After the final geometry was machined, extended eddy current testing was performed to ensure the rotor forging and the retaining ring were defect free. In addition, hardness measurements and high-resolution surface replicas were taken for microscopic analysis. The results confirmed that the strength and the microstructural properties (grain size and structure, precipitation size and density) showed no deviations from the original condition.
Based on the finite element calculations and the concluding microstructural analysis, the rotor could be re-qualified for a remaining lifetime of a further 2500 start-stops. Reassembly of the rotor, balancing, and electrical and mechanical tests concluded the repair work.
The project began with the task of refurbishing a 39-year-old, 110-tonne generator rotor with a broken damper system, as well as other severe damage. The challenge of restoring continued unlimited operation quickly increased the difficulty of the task.
Taking into account these demanding conditions, E.ON placed the complete project with Sensoplan because of their well-known high-tech engineering and manufacturing services for turbo machines.
At the workshop, the project was executed in three major steps:
- Identification of the cause of the rotor defects and of the rotor vibrations: 14 broken damper fingers were detected. The imposed damper current bypassed the broken fingers by creating electrical arcs, leading to the melting of copper and steel at several locations. These hot-spots in the pole zone produced bending moments acting on the rotor, causing unbalanced conditions. The damper current and the hot-spot temperatures are functions of the generator load: the higher the load, the higher the vibration level. It was precisely this behaviour that was observed during plant operation.

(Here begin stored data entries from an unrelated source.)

lemma MANS_if_apery_w_Suc_less:
  assumes "numerical_semigroup S"
    and "\<And>i. 1 \<le> i \<Longrightarrow> Suc i \<le> multiplicity S - 1 \<Longrightarrow> apery_w S i < apery_w S (Suc i)"
  shows "MANS S"
  unfolding MANS_def
proof (intro conjI assms(1) allI impI)
  fix i j assume i: "1 \<le> i" and "i < j" and "j \<le> multiplicity S - 1"
  from \<open>i < j\<close> have "Suc i \<le> j" by simp
  then have "j \<le> multiplicity S - 1 \<longrightarrow> apery_w S i < apery_w S j"
    by (induction j rule: dec_induct) (use assms(2) i in \<open>auto intro: less_trans\<close>)
  then show "apery_w S i < apery_w S j" using \<open>j \<le> multiplicity S - 1\<close> by blast
qed

lemma MANS_residue_predecessor:
  assumes "MANS S" "b \<in> S" "\<not> multiplicity S dvd b"
  shows "\<exists>v\<in>S. v < b \<and> b mod multiplicity S = Suc (v mod multiplicity S)"
proof -
  define m where "m = multiplicity S"
  define r where "r = b mod m"
  have ns: "numerical_semigroup S" using assms(1) by (simp add: MANS_def)
  have "r \<noteq> 0" "r < m"
    using assms(3) multiplicity_mem(2)[OF ns] unfolding r_def m_def by (auto simp: dvd_eq_mod_eq_0)
  show ?thesis
  proof (cases "r = 1")
    case True
    have "0 \<in> S" using ns by (simp add: numerical_semigroup_def)
    moreover have "0 < b" using assms(3) by (auto intro: gr0I)
    ultimately show ?thesis using True unfolding r_def m_def by auto
  next
    case False
    define v where "v = apery_w S (r - 1)"
    have "v < apery_w S r"
      using assms(1) False \<open>r \<noteq> 0\<close> \<open>r < m\<close> unfolding v_def MANS_def m_def by simp
    also have "apery_w S r \<le> b" using assms(2) unfolding r_def m_def by (simp add: apery_w_le)
    finally have "v < b" .
    moreover have "v \<in> S" "v mod m = r - 1"
      using apery_w_mem[OF ns, of "r - 1"] \<open>r < m\<close> unfolding v_def m_def by auto
    ultimately show ?thesis using \<open>r \<noteq> 0\<close> unfolding r_def m_def by (intro bexI[of _ v]) auto
  qed
qed

lemma MANS_apery_w_1_le:
  assumes "MANS S" "x \<in> S" "\<not> multiplicity S dvd x"
  shows "apery_w S 1 \<le> x"
proof -
  define m where "m = multiplicity S"
  define r where "r = x mod m"
  have "r \<noteq> 0" "r < m"
    using assms multiplicity_mem(2) unfolding r_def m_def MANS_def by (auto simp: dvd_eq_mod_eq_0)
  then have "apery_w S 1 \<le> apery_w S r"
    using assms(1) unfolding MANS_def m_def by (cases "r = 1") (auto simp: less_imp_le)
  also have "apery_w S r \<le> x" using assms(2) unfolding r_def m_def by (simp add: apery_w_le)
  finally show ?thesis .
qed

lemma MANS_monoid_gen_if_residue_predecessors:
  fixes B :: "nat set"
  defines "T \<equiv> monoid_gen B"
  assumes "numerical_semigroup T"
    and "\<And>b. b \<in> B \<Longrightarrow> \<not> multiplicity T dvd b \<Longrightarrow>
      \<exists>v\<in>T. v < b \<and> b mod multiplicity T = Suc (v mod multiplicity T)"
  shows "MANS T"
proof (rule MANS_if_apery_w_Suc_less[OF assms(2)])
  fix i assume i: "1 \<le> i" "Suc i \<le> multiplicity T - 1"
  define m where "m = multiplicity T"
  define x where "x = apery_w T (Suc i)"
  have "x \<in> T" "x mod m = Suc i"
    using apery_w_mem[OF assms(2), of "Suc i"] i unfolding x_def m_def by auto
  then obtain a where a: "a \<in> B" "\<not> m dvd a" "a \<le> x" "x - a \<in> T"
    using monoid_gen_nondvd_summand[of x B m] unfolding T_def by (auto simp: dvd_eq_mod_eq_0)
  then obtain v where v: "v \<in> T" "v < a" "a mod m = Suc (v mod m)"
    using assms(3) unfolding m_def by blast
  define y where "y = (x - a) + v"
  have "y \<in> T" using a(4) v(1) monoid_gen_add unfolding y_def T_def by blast
  have "y < x" using a(3) v(2) unfolding y_def by linarith
  have "Suc v mod m = a mod m" using v(3) by (metis mod_Suc mod_less_divisor not_less_eq zero_less_Suc)
  then have "Suc y mod m = x mod m"
    unfolding y_def using a(3) by (metis add_Suc_right le_add_diff_inverse2 mod_add_right_eq)
  then have "y mod m = i" using \<open>x mod m = Suc i\<close> i by (auto simp: mod_Suc split: if_splits)
  then have "apery_w T i \<le> y" using \<open>y \<in> T\<close> i apery_w_le unfolding m_def by simp
  then show "apery_w T i < apery_w T (Suc i)" using \<open>y < x\<close> unfolding x_def by linarith
qed

lemma MANS_monoid_gen_if_contains_below:
  assumes "MANS S" "B \<subseteq> msg S" "Min (msg S) \<in> B" "c \<in> B" "c \<noteq> Min (msg S)"
    and "\<And>b. b \<in> B \<Longrightarrow> b < g" and "\<And>x. x \<in> S \<Longrightarrow> x < g \<Longrightarrow> x \<in> monoid_gen B"
  shows "MANS (monoid_gen B)"
proof -
  define m where "m = Min (msg S)"
  define T where "T = monoid_gen B"
  have ns: "numerical_semigroup S" using assms(1) by (simp add: MANS_def)
  note msg = msg_numerical_semigroup[OF ns]
  have "msg S \<subseteq> S" using msg(1) by (auto simp: irreducibles_def)
  have multS: "multiplicity S = m"
    using multiplicity_monoid_gen_subset_msg[OF ns order.refl] assms(2,3) msg(2)
    unfolding m_def by auto
  have multT: "multiplicity T = m"
    using multiplicity_monoid_gen_subset_msg[OF ns assms(2,3)] unfolding T_def m_def .
  have "\<not> m dvd c"
    using irreducible_dvd_imp_eq[of S m c] assms(2-5) \<open>msg S \<subseteq> S\<close> msg(1) ns
    unfolding m_def by (auto simp: numerical_semigroup_iff)
  then have "apery_w S 1 \<le> c"
    using MANS_apery_w_1_le[OF assms(1)] assms(2,4) \<open>msg S \<subseteq> S\<close> unfolding multS by blast
  then have "apery_w S 1 \<in> T"
    using assms(7)[OF apery_w_mem(1)[OF ns]] assms(6)[OF assms(4)] unfolding T_def by simp
  moreover have "m \<in> T"
    unfolding T_def m_def using subset_monoid_gen assms(3) by (rule subsetD)
  ultimately have nsT: "numerical_semigroup T"
    unfolding T_def using apery_w_mem(2)[OF ns, of 1] multiplicity_mem(2)[OF ns] multS
    by (intro numerical_semigroup_if_residue_one[OF submonoid_monoid_gen]) auto
  have "\<exists>v\<in>T. v < b \<and> b mod m = Suc (v mod m)" if b: "b \<in> B" "\<not> m dvd b" for b
  proof -
    have "b \<in> S" using b(1) assms(2) \<open>msg S \<subseteq> S\<close> by blast
    then obtain v where "v \<in> S" "v < b" "b mod m = Suc (v mod m)"
      using MANS_residue_predecessor[OF assms(1) \<open>b \<in> S\<close>] b(2) unfolding multS by blast
    moreover have "v < g" using \<open>v < b\<close> assms(6)[OF b(1)] by simp
    ultimately show ?thesis using assms(7) unfolding T_def by blast
  qed
  then show ?thesis
    using MANS_monoid_gen_if_residue_predecessors[of B] nsT multT unfolding T_def by simp
qed

lemma MANS_monoid_gen_remove_Max_msg:
  assumes "MANS S" "2 < card (msg S)"
  shows "MANS (monoid_gen (msg S - {Max (msg S)}))"
proof -
  define M where "M = msg S"
  define g where "g = Max M"
  define m where "m = Min M"
  have ns: "numerical_semigroup S" using assms(1) by (simp add: MANS_def)
  have "finite M"
    using finite_irreducibles[OF ns] msg_numerical_semigroup(1)[OF ns] unfolding M_def by simp
  have "\<not> M \<subseteq> {m, g}"
  proof
    assume "M \<subseteq> {m, g}"
    then have "card M \<le> card {m, g}" by (simp add: card_mono)
    also have "\<dots> \<le> 2" by (simp add: card_insert_if)
    finally show False using assms(2) unfolding M_def by simp
  qed
  then obtain c where c: "c \<in> M" "c \<noteq> m" "c \<noteq> g" by blast
  have lt_g: "b < g" if "b \<in> M - {g}" for b
    using that \<open>finite M\<close> unfolding g_def by (auto simp: order.not_eq_order_implies_strict)
  have "m \<le> c" "m \<in> M"
    using Min_le[OF \<open>finite M\<close> c(1)] Min_in[OF \<open>finite M\<close>] c(1) unfolding m_def by auto
  then have "m \<in> M - {g}" using lt_g c by fastforce
  have "x \<in> monoid_gen (M - {g})" if "x \<in> S" "x < g" for x
    using that monoid_gen_remove_greater msg_numerical_semigroup(2)[OF ns] unfolding M_def by blast
  then show ?thesis
    using MANS_monoid_gen_if_contains_below[OF assms(1), of "M - {g}" c g] \<open>m \<in> M - {g}\<close> c lt_g
    unfolding M_def g_def m_def by blast
qed

theorem lemma4p2:
  fixes S :: "nat set" and n :: "nat \<Rightarrow> nat" and e :: nat
  assumes "MANS S"
    and "e \<ge> 2"
    and "strict_mono_on {1..e+1} n"
    and "msg S = n ` {1..e+1}"
  shows "MANS (monoid_gen (n ` {1..e})) \<and>
         embdim (monoid_gen (n ` {1..e})) = embdim S - 1"
proof -
  have inj: "inj_on n {1..e+1}" using assms(3) by (rule strict_mono_on_imp_inj_on)
  have max: "Max (msg S) = n (e + 1)"
    unfolding assms(4) using assms(3) by (intro Max_eqI) (auto simp: strict_mono_on_def le_less)
  have remove: "msg S - {n (e + 1)} = n ` {1..e}"
    using inj unfolding assms(4) by (auto simp: inj_on_eq_iff)
  have card_msg: "card (msg S) = e + 1" using card_image[OF inj] assms(4) by simp
  have "inj_on n {1..e}" using inj by (rule inj_on_subset) simp
  then have card_gens: "card (n ` {1..e}) = e" by (simp add: card_image)
  have "MANS (monoid_gen (n ` {1..e}))"
    using MANS_monoid_gen_remove_Max_msg[OF assms(1)] max remove card_msg assms(2) by simp
  moreover have "msg (monoid_gen (n ` {1..e})) = n ` {1..e}"
    using msg_monoid_gen_subset_msg assms(1) remove unfolding MANS_def by blast
  ultimately show ?thesis using card_msg card_gens by (simp add: embdim_def)
qed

- Analysis of the damaged zones through non-destructive testing and the taking of surface replicas for microstructural analysis, resulting in the proposal that the rotor could be repaired within the given time limit, despite considerable additional repair requirements and the fact that the field winding had to remain in place.
- Re-design of areas with identified stress raisers, by using the finite element calculation method, until all stresses were below allowable limits. The rotor forging and the retaining ring were eddy current and hardness tested.
Despite finding considerable further damage that required a great deal of additional work, the rotor was completed by the originally scheduled date with the help of modern fabrication and analysis methods. The rotor is now back in operation and has been running for several thousand hours at a drastically lowered vibration level and without operational limitations.
This project demonstrates that even old units with severe damage can be completely refurbished at an attractive price and within a set time frame.
The author would like to thank Clemens Mecking of E.ON Kraftwerke GmbH and Ralf Bomba, E.ON Engineering GmbH for their valuable contribution to the article.